Financial Advice for Newlyweds

As newlyweds, financial management may be the most crucial change that you and your spouse need to address. Instead of managing your money separately, you’ll probably find it useful to plan and coordinate your finances. This coordination is especially important if both of you are wage earners and already have accounts at financial institutions.

Look at your financial picture. Either before the wedding or immediately after the honeymoon you should take a close look at your complete financial picture. Review the amount of money that you earn and how the money is being used. Have a frank discussion about future goals and their financial implications. Some goals that you might want to discuss are relocating to a different city, buying a home, starting a family, making a career change, taking college courses, or getting an advanced degree.
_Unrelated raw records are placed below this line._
(* Let $n\ge2$, $s>\frac n2-1$ and $\max\{\frac38,\frac18n+\frac14-\frac14s\}<b'<\frac12$. Then there is a constant $C$ such that for all $(\xi,\tau)\in\mathbb{R}^{n}\times\mathbb{R}$, $$\Theta_1(\xi,\tau)=\int_{\mathbb{R}^{n+1}}\frac{\chi_{\{|\xi|\ge|\zeta|\}}(\zeta)\,(1+|\zeta|)^{-2s}}{(1+|\tau_1+\zeta^2|)^{2b'}(1+|\tau+\tau_1+(\xi+\zeta)^2|)^{2b'}}d\tau_1d\zeta\le C.$$
   Context: $\zeta\in\mathbb{R}^n$, $\tau_1\in\mathbb{R}$; $\zeta^2=|\zeta|^2$ and $(\xi+\zeta)^2=|\xi+\zeta|^2$; $\chi$ denotes a characteristic function. *)

theory Defs
  imports "HOL-Analysis.Analysis"
begin

definition Theta1 :: "real \<Rightarrow> real \<Rightarrow> real ^ 'n \<Rightarrow> real \<Rightarrow> ennreal" where
  "Theta1 s b' \<xi> \<tau> =
     (\<integral>\<^sup>+ p. (case p of (\<zeta>, \<tau>\<^sub>1) \<Rightarrow>
        ennreal (indicator {\<zeta>'. norm \<zeta>' \<le> norm \<xi>} \<zeta> * (1 + norm \<zeta>) powr (- 2 * s)
          / ((1 + \<bar>\<tau>\<^sub>1 + (norm \<zeta>)\<^sup>2\<bar>) powr (2 * b')
             * (1 + \<bar>\<tau> + \<tau>\<^sub>1 + (norm (\<xi> + \<zeta>))\<^sup>2\<bar>) powr (2 * b'))))
      \<partial>(lborel :: ((real ^ 'n) \<times> real) measure))"

end

theory Submission
  imports Defs "HOL-Real_Asymp.Real_Asymp"
begin

text \<open>
  Integrating in \<tau>1 first, the product of the weights (1 + |\<tau>1 + a|)^(-\<beta>) and
  (1 + |\<tau>1 + c|)^(-\<beta>), \<beta> = 2b', has integral O((1 + |a - c|)^(-\<alpha>)) with
  \<alpha> = 2\<beta> - 1 - \<epsilon>, and here a - c = -(\<tau> + |\<xi>|^2 + 2 \<xi>\<cdot>\<zeta>).
  What is left is an integral over the ball |\<zeta>| \<le> N = |\<xi>|. Pick a coordinate k with
  |\<xi>_k| \<ge> N / sqrt n and bound (1 + |\<zeta>|)^(-2s) by the product of (1 + |\<zeta>_j|)^(-p),
  p = 2s/(n-1), over the other coordinates. By Tonelli the k-th coordinate contributes
  O((1 + N)^(1-2\<alpha>)), because c + 2\<xi>_k\<zeta>_k runs over an interval of length about N^2
  as \<zeta>_k runs over [-N, N], and each of the others O((1 + N)^q) for any q > 0 with
  q \<ge> 1 - p. Taking q (n-1) = 2\<alpha> - 1 makes the product bounded; the hypotheses on s and b'
  are exactly what is needed for such \<epsilon> and q to exist.
\<close>

lemma nn_integral_powr_atLeast0:
  fixes q :: real
  assumes q: "0 < q"
  shows "(\<integral>\<^sup>+x. ennreal ((1 + \<bar>x\<bar>) powr (-(1+q))) * indicator {0..} x \<partial>lborel) = ennreal (1/q)"
proof -
  have "(\<integral>\<^sup>+x. ennreal ((1 + \<bar>x\<bar>) powr (-(1+q))) * indicator {0..} x \<partial>lborel)
      = (\<integral>\<^sup>+x. ennreal ((1 + x) powr (-(1+q))) * indicator {0..} x \<partial>lborel)"
    by (intro nn_integral_cong) (auto split: split_indicator)
  also have "\<dots> = ennreal (0 - (- ((1 + 0) powr (-q) / q)))"
  proof (rule nn_integral_FTC_atLeast)
    fix x :: real
    assume "0 \<le> x"
    then show "((\<lambda>x. - ((1 + x) powr (-q) / q)) has_real_derivative (1 + x) powr (-(1+q))) (at x)"
      using q by (auto intro!: derivative_eq_intros) (rule arg_cong[where f="\<lambda>e. (1+x) powr e"], simp)
  next
    show "((\<lambda>x::real. - ((1 + x) powr (-q) / q)) \<longlongrightarrow> 0) at_top"
      using q by real_asymp
  qed auto
  finally show ?thesis
    by simp
qed
lemma qbinomial_theorem:
  fixes q z :: complex
  assumes q1: "norm q < 1"
  shows "qbinomial_sum q N z = qpoch z (q\<^sup>2) N / qpoch (q\<^sup>2) (q\<^sup>2) N"
proof (induction N arbitrary: z)
  case (Suc N)
  define p where "p = q\<^sup>2"
  have p1: "norm p < 1" unfolding p_def using q1 by (simp add: norm_power power_less_one_iff)
  have nz: "qpoch p p N \<noteq> 0" "1 - p ^ Suc N \<noteq> 0"
    by (rule qpoch_self_nonzero[OF p1], rule one_minus_power_nonzero[OF p1], simp)
  have "(1 - p ^ Suc N) * qbinomial_sum q (Suc N) z = (1 - z) * (qpoch (p*z) p N / qpoch p p N)"
    using qbinomial_sum_Suc[OF q1, of N z] Suc.IH[of "p*z"] by (simp add: p_def)
  also have "\<dots> = (1 - p ^ Suc N) * (qpoch z p (Suc N) / qpoch p p (Suc N))"
  proof -
    have "qpoch z p (Suc N) = (1 - z) * qpoch (p*z) p N" by (simp add: qpoch_Suc_left mult.commute)
    moreover have "qpoch p p (Suc N) = qpoch p p N * (1 - p ^ Suc N)" by (simp add: qpoch_Suc)
    ultimately show ?thesis using nz by (simp del: power_Suc)
  qed
  finally show ?case using mult_left_cancel[OF nz(2)] unfolding p_def by blast
qed (simp add: qbinomial_sum_def)

lemma sum_atMost_double_fold:
  fixes h :: "nat \<Rightarrow> 'a::comm_monoid_add"
  shows "(\<Sum>k\<le>2*n. h k) = (\<Sum>m\<le>n. if m = 0 then h n else h (n+m) + h (n-m))"
proof (induction n arbitrary: h)
  case (Suc n)
  have "2 * Suc n = Suc (Suc (2*n))" by simp
  then have "(\<Sum>k\<le>2 * Suc n. h k) = (\<Sum>k\<le>Suc (2*n). h k) + h (Suc (Suc (2*n)))" by simp
  also have "(\<Sum>k\<le>Suc (2*n). h k) = h 0 + (\<Sum>k\<le>2*n. h (Suc k))"
    by (rule sum.atMost_Suc_shift)
  also have "(\<Sum>k\<le>2*n. h (Suc k))
      = (\<Sum>m\<le>n. if m = 0 then h (Suc n) else h (Suc (n + m)) + h (Suc (n - m)))"
    using Suc.IH[of "\<lambda>k. h (Suc k)"] by simp
  also have "\<dots> = (\<Sum>m\<le>n. if m = 0 then h (Suc n) else h (Suc n + m) + h (Suc n - m))"
    by (intro sum.cong refl) (auto simp: Suc_diff_le)
  finally show ?case by (simp add: algebra_simps mult_2_right)
qed simp

lemma sum_int_symmetric_fold:
  fixes f :: "int \<Rightarrow> 'a::comm_monoid_add"
  shows "(\<Sum>j\<in>{-int n..int n}. f j) = (\<Sum>m\<le>n. if m = 0 then f 0 else f (int m) + f (- int m))"
proof (induction n)
  case (Suc n)
  have "{-int (Suc n)..int (Suc n)} = insert (int (Suc n)) (insert (- int (Suc n)) {-int n..int n})"
    by auto
  then have "(\<Sum>j\<in>{-int (Suc n)..int (Suc n)}. f j)
      = f (int (Suc n)) + (f (- int (Suc n)) + (\<Sum>j\<in>{-int n..int n}. f j))"
    by simp
  with Suc.IH show ?case by (simp add: ac_simps)
qed simp
(* Let $f \in \mathbb{Z}[x]$ be a tower-stable polynomial and let $b$ be an $f$-valid positive integer. Then $\lambda_f(b^{n+1})$ divides $b^n$ for every sufficiently large positive integer $n$.
   Context: For a positive integer $m$, $f_m:\mathbb{Z}/m\mathbb{Z}\to\mathbb{Z}/m\mathbb{Z}$ is the reduction of $f$, and $\lambda_f(m)$ is its period: the least common multiple over $y\in\mathbb{Z}/m\mathbb{Z}$ of the cycle length of $y$ (the least $l\ge1$ with $f_m^k(y)=f_m^{k+l}(y)$ for some $k\ge0$). $f$ is tower-stable if for every prime $p$, $f_p$ is not a cyclic permutation of $\mathbb{Z}/p\mathbb{Z}$ of length $p$. A positive integer $b$ is valid if for all primes $p,q$ with $p\mid b$ and $q\mid p-1$ we have $q\mid b$; $b$ is $f$-valid if $b$ is square-free, valid, and for all primes $p,q$ with $p\mid b$ and $q\mid\lambda_f(p)$ we have $q\mid b$. *)

theory Defs
  imports "HOL-Computational_Algebra.Polynomial" "HOL-Computational_Algebra.Squarefree"
begin

text \<open>Reduction of f modulo m, acting on the representatives {0..<m} of Z/mZ.\<close>
definition red :: "int poly \<Rightarrow> nat \<Rightarrow> nat \<Rightarrow> nat" where
  "red f m y = nat (poly f (int y) mod int m)"

definition cyc_len :: "int poly \<Rightarrow> nat \<Rightarrow> nat \<Rightarrow> nat" where
  "cyc_len f m y = (LEAST l. l \<ge> 1 \<and> (\<exists>k. (red f m ^^ k) y = (red f m ^^ (k + l)) y))"

definition period :: "int poly \<Rightarrow> nat \<Rightarrow> nat" where
  "period f m = Lcm (cyc_len f m ` {0..<m})"

definition full_cycle :: "int poly \<Rightarrow> nat \<Rightarrow> bool" where
  "full_cycle f p \<longleftrightarrow> bij_betw (red f p) {0..<p} {0..<p} \<and>
     (\<exists>y\<in>{0..<p}. {(red f p ^^ k) y | k. True} = {0..<p})"

definition tower_stable :: "int poly \<Rightarrow> bool" where
  "tower_stable f \<longleftrightarrow> (\<forall>p::nat. prime p \<longrightarrow> \<not> full_cycle f p)"

definition valid :: "nat \<Rightarrow> bool" where
  "valid b \<longleftrightarrow> b > 0 \<and> (\<forall>p q::nat. prime p \<longrightarrow> prime q \<longrightarrow> p dvd b \<longrightarrow> q dvd (p - 1) \<longrightarrow> q dvd b)"

definition f_valid :: "int poly \<Rightarrow> nat \<Rightarrow> bool" where
  "f_valid f b \<longleftrightarrow> squarefree b \<and> valid b \<and>
     (\<forall>p q::nat. prime p \<longrightarrow> prime q \<longrightarrow> p dvd b \<longrightarrow> q dvd period f p \<longrightarrow> q dvd b)"

end

theory Submission
  imports Defs "HOL-Number_Theory.Number_Theory"
begin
Make a firm commitment to spending goals. Reaching these goals may require some changes in how you spend money. It may sound easy to adjust your lifestyle so that you’re spending less, but most people develop spending habits that will require discipline to change. A commitment to goals and a sound financial plan makes obtaining those goals easier for couples.

Establish a budget.
Once you’ve considered your short- and long-term goals, you should make plans to achieve them. This can best be done by determining a realistic budget that allows you to meet your usual expenses and to have a cushion for the unexpected ones. To be an effective tool, a budget must be reviewed regularly to see whether it’s realistic and to determine if the expenses are over the targeted amounts and need to be cut back.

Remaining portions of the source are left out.